I looked that the console from JobStatusMonitor to make sure that it has all the events, and here's what I have got:

{notifyType="com.ibm.streams.management.pe.changed",domainId="StreamsDomain",instanceId="StreamsInstance",jobId=0,jobName="com.ibm.streamsx.health.prepare::Router_0",resource="streamsqse.localdomain",peId=0,peHealth="healthy",peStatus="stopping",eventTimestamp=(1512487951,247000000,0)}
{notifyType="com.ibm.streams.management.pe.changed",domainId="StreamsDomain",instanceId="StreamsInstance",jobId=0,jobName="com.ibm.streamsx.health.prepare::Router_0",resource="streamsqse.localdomain",peId=0,peHealth="unhealthy",peStatus="stopping",eventTimestamp=(1512487951,278000000,0)}
{notifyType="com.ibm.streams.management.pe.changed",domainId="StreamsDomain",instanceId="StreamsInstance",jobId=1,jobName="com.ibm.streamsx.health.simulate.beacon.services::HealthDataBeaconService_1",resource="streamsqse.localdomain",peId=1,peHealth="healthy",peStatus="running",eventTimestamp=(1512487953,485000000,0)}
{notifyType="com.ibm.streams.management.pe.changed",domainId="StreamsDomain",instanceId="StreamsInstance",jobId=0,jobName="com.ibm.streamsx.health.prepare::Router_0",resource="streamsqse.localdomain",peId=0,peHealth="unhealthy",peStatus="stopped",eventTimestamp=(1512487953,511000000,0)}
{notifyType="com.ibm.streams.management.pe.changed",domainId="StreamsDomain",instanceId="StreamsInstance",jobId=0,jobName="com.ibm.streamsx.health.prepare::Router_0",resource="streamsqse.localdomain",peId=0,peHealth="unhealthy",peStatus="restarting",eventTimestamp=(1512487953,832000000,0)}
{notifyType="com.ibm.streams.management.pe.changed",domainId="StreamsDomain",instanceId="StreamsInstance",jobId=0,jobName="com.ibm.streamsx.health.prepare::Router_0",resource="streamsqse.localdomain",peId=0,peHealth="partiallyUnhealthy",peStatus="restarting",eventTimestamp=(1512487953,854000000,0)}
{notifyType="com.ibm.streams.management.pe.changed",domainId="StreamsDomain",instanceId="StreamsInstance",jobId=0,jobName="com.ibm.streamsx.health.prepare::Router_0",resource="streamsqse.localdomain",peId=0,peHealth="partiallyHealthy",peStatus="running",eventTimestamp=(1512487955,166000000,0)}
{notifyType="com.ibm.streams.management.pe.changed",domainId="StreamsDomain",instanceId="StreamsInstance",jobId=1,jobName="com.ibm.streamsx.health.simulate.beacon.services::HealthDataBeaconService_1",resource="streamsqse.localdomain",peId=1,peHealth="partiallyHealthy",peStatus="running",eventTimestamp=(1512487957,840000000,0)}
{notifyType="com.ibm.streams.management.pe.changed",domainId="StreamsDomain",instanceId="StreamsInstance",jobId=0,jobName="com.ibm.streamsx.health.prepare::Router_0",resource="streamsqse.localdomain",peId=0,peHealth="healthy",peStatus="running",eventTimestamp=(1512487960,829000000,0)}

HealthDataBeaconService is healthy at this point.. but it is missing in the event print out.

I restarted the PE the second time and the healthy event shows up in the midst of the second set of events.

If the jobs become healthy, the JobStatusMonitor needs to report it in a timely manner.

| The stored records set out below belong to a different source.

(* Fix an equation $(f,q,w)$ as in the context with $\prod_{i=0}^{N-1}(1/f_i)>0$. Let $\gamma\in(-\pi,0)\cup(0,\pi)$ and $K=(k_{ij})\in SL(2,\mathbb R)$ with $k_{11}-f_0k_{12}\neq0$. Let $\mathbf U_K=\begin{pmatrix}k_{11}&k_{12}&0&0\\0&0&1&0\end{pmatrix}$. For $M\in\{K,-K\}$ with entries $m_{ij}$, write $\lambda_j(M)$, $\lambda_j(-M)$, $\lambda_j(e^{i\gamma}M)$, $\lambda_j(\mathbf U_K)$ for the eigenvalues with boundary conditions $[M|-I]$, $[-M|-I]$, $[e^{i\gamma}M|-I]$, $\mathbf U_K$, and put $m_j=\min\{\lambda_j(M),\lambda_j(-M)\}$, $M_j=\max\{\lambda_j(M),\lambda_j(-M)\}$. If $m_{11}-f_0m_{12}>0$, then for every $0\le j\le N-1$: $\lambda_j(M)<\lambda_j(e^{i\gamma}M)<\lambda_j(-M)$ if $j$ is even and $\lambda_j(-M)<\lambda_j(e^{i\gamma}M)<\lambda_j(M)$ if $j$ is odd; and $M_j\le\lambda_j(\mathbf U_K)\le m_{j+1}$ for $0\le j\le N-2$.
   Context: Let $N\ge2$ be an integer. An equation is given by real sequences $f=\{f_n\}_{n=0}^N$, $q=\{q_n\}_{n=1}^N$, $w=\{w_n\}_{n=1}^N$ with $f_n\neq0$, $w_n>0$; it is $-\nabla(f_n\Delta y_n)+q_ny_n=\lambda w_ny_n$, $1\le n\le N$, for $y=\{y_n\}_{n=0}^{N+1}$, $\Delta y_n=y_{n+1}-y_n$, $\nabla y_n=y_n-y_{n-1}$. A boundary condition $[A\,|\,B]$ (equivalently the $2\times4$ coefficient matrix $(A,B)$ of rank 2) is $A(y_0,f_0\Delta y_0)^T+B(y_N,f_N\Delta y_N)^T=0$; matrices differing by left multiplication by an invertible $2\times2$ complex matrix give the same condition (so $\mathbf U_{-K}=\mathbf U_K$). $SL(2,\mathbb R)$: real $2\times2$ matrices of determinant 1; $I$ the identity. Eigenvalues ($\lambda$ with a nontrivial solution) are real; multiplicity = dimension of the solution space; counted with multiplicity they are ordered $\lambda_0\le\lambda_1\le\cdots$. *)

theory Defs
  imports "HOL-Analysis.Analysis" "HOL-Library.Function_Algebras" "HOL-Library.Multiset"
begin
lemma scale_eq_self:
  fixes V :: "'a::field set"
  assumes "finite V" and "w \<noteq> 0" and "\<forall>y\<in>V. y * w \<in> V"
  shows "scale w V = V"
  using assms card_scale[of w V] by (intro card_subset_eq) (auto simp: scale_def)

lemma scale_eq_imp_closed:
  fixes V :: "'a::field set"
  assumes "scale u V = scale v V" and "v \<noteq> 0" and "y \<in> V"
  shows "y * (u / v) \<in> V"
proof -
  have "y * u \<in> scale v V"
    using assms(1,3) unfolding scale_def by blast
  then obtain y' where "y' \<in> V" "y * u = y' * v"
    unfolding scale_def by blast
  then show ?thesis
    using assms(2) by (simp add: field_simps)
qed

lemma scale_mult_subfield_elem:
  fixes V :: "'a::{finite,field} set"
  assumes "scalar_closed K V" and "w \<in> K" and "w \<noteq> 0"
  shows "scale (w * v) V = scale v V"
proof -
  have "\<forall>y\<in>V. y * w \<in> V"
    using assms(1,2) unfolding scalar_closed_def by (metis mult.commute)
  then have "scale w V = V"
    using assms(3) by (intro scale_eq_self) auto
  then show ?thesis
    by (metis scale_scale)
qed

lemma map_scale_eq_if_div_mem:
  fixes G :: "'a::{finite,field} set list"
  assumes "\<forall>V\<in>set G. scalar_closed K V" and "u / v \<in> K" and "u \<noteq> 0" and "v \<noteq> 0"
  shows "map (scale u) G = map (scale v) G"
proof -
  have "u = (u / v) * v"
    using assms(4) by simp
  then show ?thesis
    using assms scale_mult_subfield_elem[of K _ "u / v" v] by (intro map_cong) auto
qed

lemma subspace_over_uminus:
  assumes "is_subfield K" and "subspace_over K V" and "x \<in> V"
  shows "- x \<in> V"
  using assms subfield_uminus[OF assms(1) subfield_one[OF assms(1)]]
  unfolding subspace_over_def scalar_closed_def by (metis mult_minus1)

lemma subspace_over_scale:
  fixes V :: "'a::field set"
  assumes "subspace_over K V"
  shows "subspace_over K (scale u V)"
proof -
  have "x * u + y * u \<in> scale u V" if "x \<in> V" "y \<in> V" for x y
    using assms that unfolding subspace_over_def scale_def
    by (auto simp flip: distrib_right)
  moreover have "k * (x * u) \<in> scale u V" if "k \<in> K" "x \<in> V" for k x
    using assms that unfolding subspace_over_def scalar_closed_def scale_def
    by (auto simp flip: mult.assoc)
  moreover have "0 \<in> scale u V"
    using assms unfolding subspace_over_def scale_def by force
  ultimately show ?thesis
    unfolding subspace_over_def scalar_closed_def by (auto simp: scale_def)
qed

lemma subspace_over_subfield: "is_subfield K \<Longrightarrow> subspace_over K K"
  unfolding subspace_over_def scalar_closed_def by (simp add: subfield_zero subfield_add subfield_mult)

lemma card_ssum_mult_card_inter_subspace_over:
  fixes U V :: "'a::field set"
  assumes "is_subfield K" and "finite U" and "finite V"
    and "subspace_over K U" and "subspace_over K V"
  shows "card (ssum U V) * card (U \<inter> V) = card U * card V"
  using assms subspace_over_uminus[OF assms(1)]
  by (intro card_ssum_mult_card_inter) (auto simp: subspace_over_def)

lemma inter_scale_subfield_eq_zero:
  fixes U :: "'a::field set"
  assumes K: "is_subfield K" and U: "subspace_over K U" and z: "z \<notin> U"
  shows "U \<inter> scale z K = {0}"
proof (intro subset_antisym subsetI)
  fix x assume "x \<in> U \<inter> scale z K"
  then obtain k where x: "x \<in> U" "k \<in> K" "x = k * z"
    unfolding scale_def by (auto simp: mult.commute)
  show "x \<in> {0}"
  proof (rule ccontr)
    assume "x \<notin> {0}"
    then have "z = inverse k * x"
      using x by simp
    moreover have "inverse k \<in> K"
      using K x(2) by (rule subfield_inverse)
    ultimately show False
      using U x(1) z unfolding subspace_over_def scalar_closed_def by metis
  qed
qed (use subfield_zero[OF K] U in \<open>auto simp: subspace_over_def scale_def\<close>)

lemma card_ssum_scale_subfield:
  fixes U :: "'a::{finite,field} set"
  assumes K: "is_subfield K" and U: "subspace_over K U" and z: "z \<notin> U"
  shows "card (ssum U (scale z K)) = card U * card K"
proof -
  have z0: "z \<noteq> 0"
    using U z unfolding subspace_over_def by auto
  have "subspace_over K (scale z K)"
    using subspace_over_scale subspace_over_subfield K by blast
  then have "card (ssum U (scale z K)) * card (U \<inter> scale z K) = card U * card (scale z K)"
    using K U by (intro card_ssum_mult_card_inter_subspace_over) auto
  then show ?thesis
    using inter_scale_subfield_eq_zero[OF K U z] card_scale[OF z0] by simp
qed

text \<open>
  If W w \<subseteq> W, then the elements c x0 + y with c \<in> K \<union> {w}, y \<in> W and a fixed x0 \<notin> W are
  pairwise distinct, so (|K| + 1) |W| \<le> |K| |W|.
\<close>

lemma hyperplane_not_mult_closed:
  fixes W :: "'a::{finite,field} set"
  assumes K: "is_subfield K" and W: "subspace_over K W"
    and card_UNIV: "card (UNIV :: 'a set) = card K * card W" and w: "w \<notin> K"
  shows "\<exists>y\<in>W. y * w \<notin> W"
proof (rule ccontr)
  assume "\<not> ?thesis"
  then have closed_w: "\<forall>y\<in>W. y * w \<in> W"
    by blast
  have diff: "x - y \<in> W" if "x \<in> W" "y \<in> W" for x y
    using W subspace_over_uminus[OF K W that(2)] that
    unfolding subspace_over_def by (metis diff_conv_add_uminus)
  define D where "D = insert w K"
  have closed_D: "y * c \<in> W" if "c \<in> D" "y \<in> W" for c y
    using that closed_w W unfolding D_def subspace_over_def scalar_closed_def
    by (auto simp: mult.commute)
  have "{0, 1} \<subseteq> K"
    using subfield_zero[OF K] subfield_one[OF K] by blast
  then have "card K \<ge> 2"
    using card_mono[of K "{0, 1}"] by simp
  moreover have "card W > 0"
    using W unfolding subspace_over_def by (auto simp: card_gt_0_iff)
  ultimately have "card W < card (UNIV :: 'a set)"
    using card_UNIV by (simp add: mult_less_cancel2)
  then obtain x0 where x0: "x0 \<notin> W"
    by (metis UNIV_I card_mono finite less_le_not_le subsetI)
  have "inj_on (\<lambda>(c, y). c * x0 + y) (D \<times> W)"
  proof (rule inj_onI, clarify)
    fix c y c' y'
    assume c: "c \<in> D" "y \<in> W" and c': "c' \<in> D" "y' \<in> W"
      and eq: "c * x0 + y = c' * x0 + y'"
    have "c = c'"
    proof (rule ccontr)
      assume ne: "c \<noteq> c'"
      have "\<forall>z\<in>W. z * (c - c') \<in> W"
        using closed_D c c' diff by (simp add: right_diff_distrib)
      then have "scale (c - c') W = W"
        using ne by (intro scale_eq_self) auto
      moreover have "y' - y \<in> W"
        using diff c c' by blast
      ultimately obtain z where "z \<in> W" "y' - y = z * (c - c')"
        unfolding scale_def by auto
      moreover have "y' - y = x0 * (c - c')"
        using eq by (simp add: algebra_simps)
      ultimately show False
        using x0 ne by simp
    qed
    then show "c = c' \<and> y = y'"
      using eq by simp
  qed
  then have "card (D \<times> W) \<le> card (UNIV :: 'a set)"
    by (rule card_inj_on_le) auto
  moreover have "card D = card K + 1"
    using w unfolding D_def by simp
  ultimately show False
    using card_UNIV \<open>card W > 0\<close> by (simp add: card_cartesian_product)
qed

lemma ssum_distinct_hyperplanes:
  fixes U V :: "'a::{finite,field} set"
  assumes K: "is_subfield K" and U: "subspace_over K U" and V: "subspace_over K V"
    and card_UNIV: "card (UNIV :: 'a set) = card U * card K"
    and card_V: "card V = card U" and ne: "U \<noteq> V"
  shows "ssum U V = UNIV"
proof -
  obtain z where z: "z \<in> V" "z \<notin> U"
    using card_subset_eq[of U V] card_V ne by auto
  have "ssum U (scale z K) \<subseteq> ssum U V"
    using V z(1) unfolding ssum_def scale_def subspace_over_def scalar_closed_def
    by blast
  moreover have "card (ssum U (scale z K)) = card (UNIV :: 'a set)"
    using card_ssum_scale_subfield[OF K U z(2)] card_UNIV by simp
  ultimately show ?thesis
    by (metis card_mono card_seteq finite subset_UNIV)
qed

lemma pow_span_eq: "pow_span K a l t = {\<Sum>j<t. c j * (a ^ l) ^ j | c. \<forall>j. c j \<in> K}"
  by (simp add: pow_span_def power_mult)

Clients are trying to use this to determine the status of the jobs... and if the jobs stay unhealthy, clients need to manually intervene.

chanskw commented 6 years ago

This seems to be an intermittent problem... I can reproduce it sometimes.. but not all the time.

markheger commented 6 years ago

workaround: Use the JobStatusSource operator instead of JobStatusMonitor because the JobStatusMonitor includes a DeDuplicate operator, which might filter out messages in a 5 seconds intervall.